◆ Collected data entries:

---+---

lemma ind_form_hole_fresh:
  assumes "ind_form p e c f h xi r Z Pi s1 s2 gl gd"
  shows "\<And>a. a \<in> set (ind_body s1 s2) \<Longrightarrow> LVar f \<notin> avars a \<and> DVar h \<notin> avars a"
    and "\<And>a. a \<in> set Pi \<Longrightarrow> LVar f \<notin> pure_vars a \<and> DVar h \<notin> pure_vars a"
    and "gl \<noteq> f" "gd \<noteq> h"
proof -
  let ?B = "pts_vars s1 \<union> (\<Union>(q, as) \<in> set s2. set as)"
  let ?V = "(\<Union>a \<in> set Pi. pure_vars a) \<union> ?B \<union> {LVar gl, DVar gd}"
  have "LVar f \<notin> ?V \<and> DVar h \<notin> ?V"
    using assms unfolding ind_form_def Let_def Un_assoc by (elim conjE) (rule conjI; assumption)
  then have fresh: "LVar f \<notin> ?B" "DVar h \<notin> ?B"
    and "\<And>a. a \<in> set Pi \<Longrightarrow> LVar f \<notin> pure_vars a \<and> DVar h \<notin> pure_vars a"
    and "gl \<noteq> f" "gd \<noteq> h"
    by auto
  then show "\<And>a. a \<in> set Pi \<Longrightarrow> LVar f \<notin> pure_vars a \<and> DVar h \<notin> pure_vars a"
    and "gl \<noteq> f" "gd \<noteq> h" by auto
  have "avars a \<subseteq> ?B" if "a \<in> set (ind_body s1 s2)" for a
  proof -
    from that consider x rho where "(x, rho) \<in> set s1" "a = PointsTo x rho"
      | q as where "(q, as) \<in> set s2" "a = PredAt q as"
      unfolding ind_body_def by auto
    then show ?thesis unfolding pts_vars_def by cases force+
  qed
  with fresh show "\<And>a. a \<in> set (ind_body s1 s2) \<Longrightarrow> LVar f \<notin> avars a \<and> DVar h \<notin> avars a"
    by blast
qed

lemma holds_ind_ruleI:
  assumes "r \<in> set (prules (D p))" "ind_form p e c f h xi r Z Pi s1 s2 gl gd"
    and "\<forall>a \<in> set Pi. pure_sat nil I s a"
    and "sat_list (holds nil I D) s (ind_body s1 s2) H1"
    and "holds nil I D p (map (eval s) ([LVar gl, DVar gd, LVar f, DVar h] @ xi)) H2"
    and "dom H1 \<inter> dom H2 = {}"
  shows "holds nil I D p (map (eval s) (pparams (D p))) (H1 ++ H2)"
proof (rule holds.intros[where D = D and q = p, OF assms(1)])
  show "map (eval s) (pparams (D p)) = map (eval s) (pparams (D p))" ..
  show "\<forall>a \<in> set (rpure r). pure_sat nil I s a"
    using assms(2,3) ind_form_rule by metis
  show "sat_list (holds nil I D) s (rspat r) (H1 ++ H2)"
    using assms(2,4-6) by (auto simp: ind_form_rule sat_list_append)
qed
lemma distr_mixture:
  fixes Q1 Q2 :: "'a::topological_space measure"
  assumes s1: "sets Q1 = sets borel" and s2: "sets Q2 = sets borel" and t: "0 \<le> t" "t \<le> 1"
    and f: "f \<in> measurable (borel :: 'a measure) (borel :: 'b::topological_space measure)"
  shows "distr (mixture t Q1 Q2) borel f = mixture t (distr Q1 borel f) (distr Q2 borel f)"
proof (rule measure_eqI)
  show "sets (distr (mixture t Q1 Q2) borel f) = sets (mixture t (distr Q1 borel f) (distr Q2 borel f))"
    by (simp add: sets_mixture)
  fix A assume "A \<in> sets (distr (mixture t Q1 Q2) borel f)"
  then have A: "A \<in> sets borel" by simp
  have fm: "f \<in> measurable (mixture t Q1 Q2) borel" "f \<in> measurable Q1 borel" "f \<in> measurable Q2 borel"
    using f by (auto simp: measurable_cong_sets[OF s1 refl] measurable_cong_sets[OF s2 refl]
        measurable_cong_sets[OF sets_mixture refl])
  have pre: "f -` A \<in> sets borel"
    using measurable_sets[OF f A] by simp
  have sp1: "space Q1 = UNIV" "space Q2 = UNIV"
    using sets_eq_imp_space_eq[OF s1] sets_eq_imp_space_eq[OF s2] by auto
  have "emeasure (distr (mixture t Q1 Q2) borel f) A = emeasure (mixture t Q1 Q2) (f -` A)"
    using emeasure_distr[OF fm(1) A] by (simp add: space_mixture)
  also have "\<dots> = ennreal t * emeasure Q1 (f -` A) + ennreal (1 - t) * emeasure Q2 (f -` A)"
    by (rule emeasure_mixture[OF s1 s2 t pre])
  also have "\<dots> = ennreal t * emeasure (distr Q1 borel f) A + ennreal (1 - t) * emeasure (distr Q2 borel f) A"
    using emeasure_distr[OF fm(2) A] emeasure_distr[OF fm(3) A] sp1 by simp
  also have "\<dots> = emeasure (mixture t (distr Q1 borel f) (distr Q2 borel f)) A"
    by (rule emeasure_mixture[symmetric]) (use t A in auto)
  finally show "emeasure (distr (mixture t Q1 Q2) borel f) A = emeasure (mixture t (distr Q1 borel f) (distr Q2 borel f)) A" .
qed
(* Let $W\subset\operatorname{Sym}(n,\mathbb{R})$ be a non-trivial linear subspace and let $A\in W$ have maximal rank $r\ge3$ in $W$. Then there is $\varepsilon>0$ such that for every $B\in W$ with $\|B-A\|<\varepsilon$ the following holds: if $\partial\Gamma_A$ and $\partial\Gamma_B$ are varieties of dimension $n-1$ and there is no point of $\partial\Gamma_A\cap\partial\Gamma_B$ at which they intersect transversally, then $\Gamma_A\subset\Gamma_B$ or $\Gamma_B\subset\Gamma_A$.
   Context: For $M\in\operatorname{Sym}(n,\mathbb{R})$, $Q_M(z)={}^tzMz$ and $\Gamma_M:=\{z\in\mathbb{R}^n:Q_M(z)\le0\}$. $A$ has maximal rank in $W$ if $\operatorname{rank}A=\max_{M\in W}\operatorname{rank}M$. $\partial\Gamma_M$ is the topological boundary; it is a variety of dimension $n-1$ if there is $z\in\partial\Gamma_M$ with $Mz\ne0$. $\partial\Gamma_A$ and $\partial\Gamma_B$ intersect transversally at $z\in\partial\Gamma_A\cap\partial\Gamma_B$ if $Az$ and $Bz$ are linearly independent. *)

theory Defs
  imports "HOL-Analysis.Analysis"
begin

definition Sym :: "(real^'n^'n) set" where
  "Sym = {M. transpose M = M}"

definition Qf :: "real^'n^'n \<Rightarrow> real^'n \<Rightarrow> real" where
  "Qf M z = z \<bullet> (M *v z)"

definition Gamma :: "real^'n^'n \<Rightarrow> (real^'n) set" where
  "Gamma M = {z. Qf M z \<le> 0}"

definition max_rank_in :: "real^'n^'n \<Rightarrow> (real^'n^'n) set \<Rightarrow> bool" where
  "max_rank_in A W \<longleftrightarrow> A \<in> W \<and> (\<forall>M\<in>W. rank M \<le> rank A)"

text \<open>The boundary of Gamma_M is a variety of dimension n-1.\<close>
definition bdry_hypersurface :: "real^'n^'n \<Rightarrow> bool" where
  "bdry_hypersurface M \<longleftrightarrow> (\<exists>z\<in>frontier (Gamma M). M *v z \<noteq> 0)"

definition lin_indep2 :: "real^'n \<Rightarrow> real^'n \<Rightarrow> bool" where
  "lin_indep2 u v \<longleftrightarrow> (\<forall>a b. a *\<^sub>R u + b *\<^sub>R v = 0 \<longrightarrow> a = 0 \<and> b = 0)"

definition transversal_at :: "real^'n^'n \<Rightarrow> real^'n^'n \<Rightarrow> real^'n \<Rightarrow> bool" where
  "transversal_at A B z \<longleftrightarrow> z \<in> frontier (Gamma A) \<and> z \<in> frontier (Gamma B) \<and> lin_indep2 (A *v z) (B *v z)"
lemma sum_abs_DY_cell_solution_diff_le:
  assumes "p > 0" "c > 0" "\<And>i j. c \<le> psi i j"
    and "\<And>j. j \<in> {1..int p} \<Longrightarrow> \<bar>psi i j - psi i' j\<bar> \<le> \<delta>"
    and "cell_solution N p psi chi"
  shows "(\<Sum>m = 1..int p. \<bar>DY chi i' m - DY chi i m\<bar>) \<le> 2 * real p * \<delta> / c"
proof -
  let ?S = "\<lambda>k. \<Sum>m = 1..int p. 1 / psi k m" and ?h = "psi0 p psi"
  have psi_pos: "\<And>i j. psi i j > 0" using assms(2,3) by (meson less_le_trans)
  then have h_pos: "\<And>k. ?h k > 0" using psi0_pos assms(1) by blast
  have "(\<Sum>m = 1..int p. \<bar>DY chi i' m - DY chi i m\<bar>)
      \<le> (\<Sum>m = 1..int p. ?h i' * \<bar>1 / psi i m - 1 / psi i' m\<bar> + \<bar>?h i' - ?h i\<bar> * (1 / psi i m))"
  proof (rule sum_mono)
    fix m
    have "DY chi i' m - DY chi i m = ?h i' * (1 / psi i' m - 1 / psi i m) + (?h i' - ?h i) * (1 / psi i m)"
      unfolding cell_solution_DY[OF assms(1) psi_pos assms(5)] by (simp add: algebra_simps)
    moreover have "?h i' > 0" "1 / psi i m > 0"
      using h_pos psi_pos[of i m] by simp_all
    ultimately show "\<bar>DY chi i' m - DY chi i m\<bar>
        \<le> ?h i' * \<bar>1 / psi i m - 1 / psi i' m\<bar> + \<bar>?h i' - ?h i\<bar> * (1 / psi i m)"
      using abs_triangle_ineq[of "?h i' * (1 / psi i' m - 1 / psi i m)" "(?h i' - ?h i) * (1 / psi i m)"]
      by (simp add: abs_mult abs_minus_commute)
  qed
  also have "\<dots> = ?h i' * (\<Sum>m = 1..int p. \<bar>1 / psi i m - 1 / psi i' m\<bar>) + \<bar>?h i' - ?h i\<bar> * ?S i"
    by (simp add: sum.distrib sum_distrib_left sum_distrib_right)
  also have "\<dots> \<le> ?h i' * (\<delta> / c * ?S i') + ?h i * \<delta> / c * ?S i"
  proof (rule add_mono)
    show "?h i' * (\<Sum>m = 1..int p. \<bar>1 / psi i m - 1 / psi i' m\<bar>) \<le> ?h i' * (\<delta> / c * ?S i')"
      using assms psi_pos h_pos[of i']
      by (intro mult_left_mono sum_abs_inverse_diff_le) force+
    show "\<bar>?h i' - ?h i\<bar> * ?S i \<le> ?h i * \<delta> / c * ?S i"
      using assms psi_pos psi0_diff_le[of p c psi i i' \<delta>]
      by (intro mult_right_mono sum_nonneg) (force intro: less_imp_le)+
  qed
  also have "\<dots> = 2 * real p * \<delta> / c"
    using psi0_mult_sum_inverse[of p psi i] psi0_mult_sum_inverse[of p psi i'] assms(1) psi_pos
    by (simp add: field_simps)
  finally show ?thesis .
qed
theorem theorem14:
  fixes f :: "('n::finite \<Rightarrow> nat) \<Rightarrow> nat"
    and p k k0 k1 :: nat
    and l l0 x :: "'n \<Rightarrow> nat"
  assumes "prime p"
    and "k = k0 + k1 * p" and "k0 < p"
    and "\<And>j. l j = l0 j + p * x j" and "\<And>j. l0 j < p"
  shows "[gbinom f k (\<lambda>j. int (l j))
          = Sum_any (\<lambda>m :: 'n \<Rightarrow> nat.
              gbinom f k1 (\<lambda>j. int (x j) - int (m j)) *
              gbinom f k0 (\<lambda>j. int (l0 j) + int p * int (m j)))] (mod p)"
proof -
  have gbinom_shift:
    "gbinom f k0 (\<lambda>j. int (l0 j) + int p * int (m j)) = gbinom_nat f k0 (\<lambda>j. l0 j + p * m j)" for m :: "'n \<Rightarrow> nat"
    using gbinom_of_nat[of f k0 "\<lambda>j. l0 j + p * m j"] by simp
  have reindexed: "(\<Sum>w\<in>{..l}. gbinom_nat f k0 w * dilate p (gbinom_nat f k1) (\<lambda>j. l j - w j))
      = Sum_any (\<lambda>m. gbinom f k1 (\<lambda>j. int (x j) - int (m j)) *
                     gbinom f k0 (\<lambda>j. int (l0 j) + int p * int (m j)))"
    unfolding sum_mult_dilate[OF assms(4,5)] Sum_any.conditionalize[OF finite_atMost_fun]
    by (rule arg_cong[where f = Sum_any]) (simp add: fun_eq_iff gbinom_diff gbinom_shift)
  have expand: "gbinom f k (\<lambda>j. int (l j))
      = (\<Sum>w\<in>{..l}. gbinom_nat f k0 w * gbinom_nat f (p * k1) (\<lambda>j. l j - w j))"
    using gbinom_nat_add[of f k0 "p * k1" l] by (simp add: gbinom_of_nat assms(2) mult.commute)
  show ?thesis
    unfolding expand reindexed[symmetric]
    by (intro cong_sum cong_mult cong_refl gbinom_nat_mult_prime_cong assms(1))
qed

end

---+---

◆ EXERCISE REQUIREMENTS: The response must hold only the lines above from the line with "measurable (mixture t" through the line with "emeasure (mixture t Q1", each copied exactly, both ends kept.

◆ ANSWER FOR THE TASK:
  have fm: "f \<in> measurable (mixture t Q1 Q2) borel" "f \<in> measurable Q1 borel" "f \<in> measurable Q2 borel"
    using f by (auto simp: measurable_cong_sets[OF s1 refl] measurable_cong_sets[OF s2 refl]
        measurable_cong_sets[OF sets_mixture refl])
  have pre: "f -` A \<in> sets borel"
    using measurable_sets[OF f A] by simp
  have sp1: "space Q1 = UNIV" "space Q2 = UNIV"
    using sets_eq_imp_space_eq[OF s1] sets_eq_imp_space_eq[OF s2] by auto
  have "emeasure (distr (mixture t Q1 Q2) borel f) A = emeasure (mixture t Q1 Q2) (f -` A)"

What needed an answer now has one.